HouseKeeping() at HouseKeeping+0x1c/frame 0xfffffe0017b6b320
LibAliasInLocked() at LibAliasInLocked+0x2f/frame 0xfffffe0017b6b3e0
LibAliasIn() at LibAliasIn+0x46/frame 0xfffffe0017b6b410
ipfw_nat() at ipfw_nat+0x234/frame 0xfffffe0017b6b460

Comment 11 Jack 2021-07-11 12:50:27 UTC

(In reply to karl from comment #10)
Yes, that appears to be the similar bt I'm getting.

(gdb) bt full
#0  0x0000000800254e20 in HouseKeeping () from /lib/libalias.so.7
No symbol table info available.
#1  0x00000008002510ca in ?? () from /lib/libalias.so.7
No symbol table info available.
#2  0x0000000000206e0f in ?? ()
No symbol table info available.
#3  0x00000000002053d7 in ?? ()
No symbol table info available.
#4  0x000000000020460f in ?? ()
No symbol table info available.
#5  0x0000000000204510 in ?? ()
No symbol table info available.
#6  0x0000000000000000 in ?? ()
No symbol table info available.

I'm also getting instant kernel panics when I tried doing ipfw nat without natd in https://bugs.freebsd.org/bugzilla/show_bug.cgi?id=257079

Not sure if it's related.

Comment 12 karl 2021-07-11 12:55:25 UTC

(In reply to Jack from comment #11)

Same bug. 

Hotfix here will stop it (note this is 12.2-STABLE, may be slightly different offsets in 13+); I have roughly a day on it now with no panic and previously it was blowing up within minutes:

[karl@NewFS /usr/src]$ git diff .
diff --git a/sys/netinet/libalias/alias_db.c b/sys/netinet/libalias/alias_db.c
index 783a8ca3baa..45faf5a2a40 100644
--- a/sys/netinet/libalias/alias_db.c
+++ b/sys/netinet/libalias/alias_db.c
@@ -1769,7 +1769,8 @@ HouseKeeping(struct libalias *la)
         * Reduce the amount of house keeping work substantially by
         * sampling over the packets.
         */
-       if (packets % packet_limit == 0) {
+       if (packet_limit == 0 || packets % packet_limit == 0) {
+/*     if (packets % packet_limit == 0) {      */
                time_t now;

 #ifdef _KERNEL

Comment 13 Jack 2021-07-11 23:04:34 UTC

How did this bug get into -stable? ;)

Comment 14 Lutz Donnerhacke freebsd_committer

2021-07-12 07:47:54 UTC

(In reply to Jack from comment #13)

The low rate issue was not covered by explicit tests and real world use cases. Shit happens.

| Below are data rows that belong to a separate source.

(* Let $\gamma\in\mathbf{Sp}(2n,\mathbb R)$ with $\gamma\tau(\gamma)=I$. Then there exists $h\in\mathbf{Sp}(2n,\mathbb R)$ with $\gamma=\tau(h)h^{-1}$ if and only if $\mathfrak h_n^\gamma\neq\emptyset$.
   Context: $\mathbf{Sp}(2n,\mathbb R)$: real matrices $g=\begin{pmatrix}A&B\\C&D\end{pmatrix}$ with ${}^tgJg=J$, $J=\begin{pmatrix}0&I\\-I&0\end{pmatrix}$, acting on $\mathfrak h_n=\{Z\in M_n(\mathbb C):{}^tZ=Z,\mathrm{Im}Z>0\}$ by $gZ=(AZ+B)(CZ+D)^{-1}$. $\tau\begin{pmatrix}A&B\\C&D\end{pmatrix}=\begin{pmatrix}A&-B\\-C&D\end{pmatrix}$ and $\tau(Z)=-\overline Z$; $\mathfrak h_n^\gamma=\{Z\in\mathfrak h_n:\gamma Z=\tau(Z)\}$. *)

theory Defs
  imports "HOL-Analysis.Analysis"
begin

text \<open>Real 2n x 2n matrices are indexed by the type 'n + 'n: Inl i is the i-th index of the
first block, Inr i the i-th index of the second block (n = CARD('n)).\<close>

type_synonym 'n rmat2 = "real ^ ('n + 'n) ^ ('n + 'n)"

definition blkA :: "'n::finite rmat2 \<Rightarrow> real^'n^'n" where
  "blkA g = (\<chi> i j. g $ Inl i $ Inl j)"
definition blkB :: "'n::finite rmat2 \<Rightarrow> real^'n^'n" where
  "blkB g = (\<chi> i j. g $ Inl i $ Inr j)"
definition blkC :: "'n::finite rmat2 \<Rightarrow> real^'n^'n" where
  "blkC g = (\<chi> i j. g $ Inr i $ Inl j)"
definition blkD :: "'n::finite rmat2 \<Rightarrow> real^'n^'n" where
  "blkD g = (\<chi> i j. g $ Inr i $ Inr j)"

definition Jmat :: "'n::finite rmat2" where
  "Jmat = (\<chi> i j. case (i, j) of
       (Inl a, Inr b) \<Rightarrow> (if a = b then 1 else 0)
     | (Inr a, Inl b) \<Rightarrow> (if a = b then -1 else 0)
     | _ \<Rightarrow> 0)"

definition Sp :: "'n::finite rmat2 set" where
  "Sp = {g. transpose g ** Jmat ** g = Jmat}"

definition tauM :: "'n::finite rmat2 \<Rightarrow> 'n rmat2" where
  "tauM g = (\<chi> i j. case (i, j) of
       (Inl a, Inl b) \<Rightarrow> g $ i $ j
     | (Inr a, Inr b) \<Rightarrow> g $ i $ j
     | _ \<Rightarrow> - (g $ i $ j))"

definition cmat :: "real^'n^'m \<Rightarrow> complex^'n^'m" where
  "cmat M = (\<chi> i j. complex_of_real (M $ i $ j))"

definition ImM :: "complex^'n^'m \<Rightarrow> real^'n^'m" where
  "ImM Z = (\<chi> i j. Im (Z $ i $ j))"

definition pos_def :: "real^'n^'n \<Rightarrow> bool" where
  "pos_def M \<longleftrightarrow> (\<forall>x. x \<noteq> 0 \<longrightarrow> x \<bullet> (M *v x) > 0)"

definition siegel :: "(complex^'n^'n) set" where
  "siegel = {Z. transpose Z = Z \<and> pos_def (ImM Z)}"

definition act :: "'n::finite rmat2 \<Rightarrow> complex^'n^'n \<Rightarrow> complex^'n^'n" where
  "act g Z = (cmat (blkA g) ** Z + cmat (blkB g)) ** matrix_inv (cmat (blkC g) ** Z + cmat (blkD g))"

definition tauZ :: "complex^'n^'n \<Rightarrow> complex^'n^'n" where
  "tauZ Z = (\<chi> i j. - cnj (Z $ i $ j))"

definition siegel_fix :: "'n::finite rmat2 \<Rightarrow> (complex^'n^'n) set" where
  "siegel_fix \<gamma> = {Z \<in> siegel. act \<gamma> Z = tauZ Z}"

end

theory Submission
  imports Defs "HOL-Library.Cardinality"
begin

text \<open>
  With \<open>S = diag(I, -I)\<close> we have \<open>\<tau>(g) = S g S\<close>, so the hypotheses say exactly that
  \<open>\<sigma> = S \<gamma>\<close> is an anti-symplectic involution: \<open>\<sigma>\<^sup>2 = I\<close> and \<open>\<sigma>\<^sup>T J \<sigma> = -J\<close>.
  Its eigenspaces for \<open>1\<close> and \<open>-1\<close> are complementary isotropic subspaces, hence both
  Lagrangian of dimension \<open>n\<close>, as are those of \<open>S\<close>. Matching the eigenspaces gives an
  invertible \<open>h\<^sub>1\<close> with \<open>h\<^sub>1 S = \<sigma> h\<^sub>1\<close>; the form \<open>h\<^sub>1\<^sup>T J h\<^sub>1\<close> is then
  block anti-diagonal, and a block-diagonal correction commuting with \<open>S\<close> makes \<open>h\<^sub>1\<close>
  symplectic. For the resulting \<open>h\<close>, \<open>\<tau>(h) = S h S = \<gamma> h\<close>. So over the reals the
  left-hand side always holds.

  Conversely, write \<open>h [iI; I] = [P; Q]\<close>. The symplectic relations give
  \<open>P\<^sup>T Q = Q\<^sup>T P\<close> and \<open>Q\<^sup>* P - P\<^sup>* Q = 2iI\<close>, which make \<open>Q\<close> invertible and
  \<open>Z = h(iI) = P Q\<^sup>-\<^sup>1\<close> symmetric with positive definite imaginary part. Since
  \<open>\<tau>(iI) = iI\<close>, we get \<open>\<gamma> Z = \<tau>(h)(iI) = \<tau>(Z)\<close>.
\<close>

lemma invertible_matrix_inv:
  fixes A :: "'a::semiring_1^'n^'m"
  assumes "invertible A"
  shows matrix_inv_right: "A ** matrix_inv A = mat 1"
    and matrix_inv_left: "matrix_inv A ** A = mat 1"
proof -
  from assms obtain A' where "A ** A' = mat 1 \<and> A' ** A = mat 1"
    unfolding invertible_def by blast
  then have "A ** matrix_inv A = mat 1 \<and> matrix_inv A ** A = mat 1"
    unfolding matrix_inv_def by (rule someI)
  then show "A ** matrix_inv A = mat 1" "matrix_inv A ** A = mat 1" by auto
qed

lemma matrix_mul_left_cancel:
  fixes A :: "'a::semiring_1^'n^'n"
  assumes "invertible A"
  shows "A ** X = A ** Y \<longleftrightarrow> X = Y"
  by (metis assms matrix_inv_left matrix_mul_assoc matrix_mul_lid)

Comment 15 Mark Johnston freebsd_committer

2021-12-01 13:15:56 UTC

Is there anything left to do for this bug?

Comment 16 Jack 2021-12-01 22:41:56 UTC

So far so good here on latest 13-stable.

Comment 17 Kubilay Kocak freebsd_committer

2021-12-01 22:58:15 UTC

^Triage: Assign to committer that resolved and track stable merges.

Please re-open this issue with additional information if there are any changes remaining required to resolve this issue.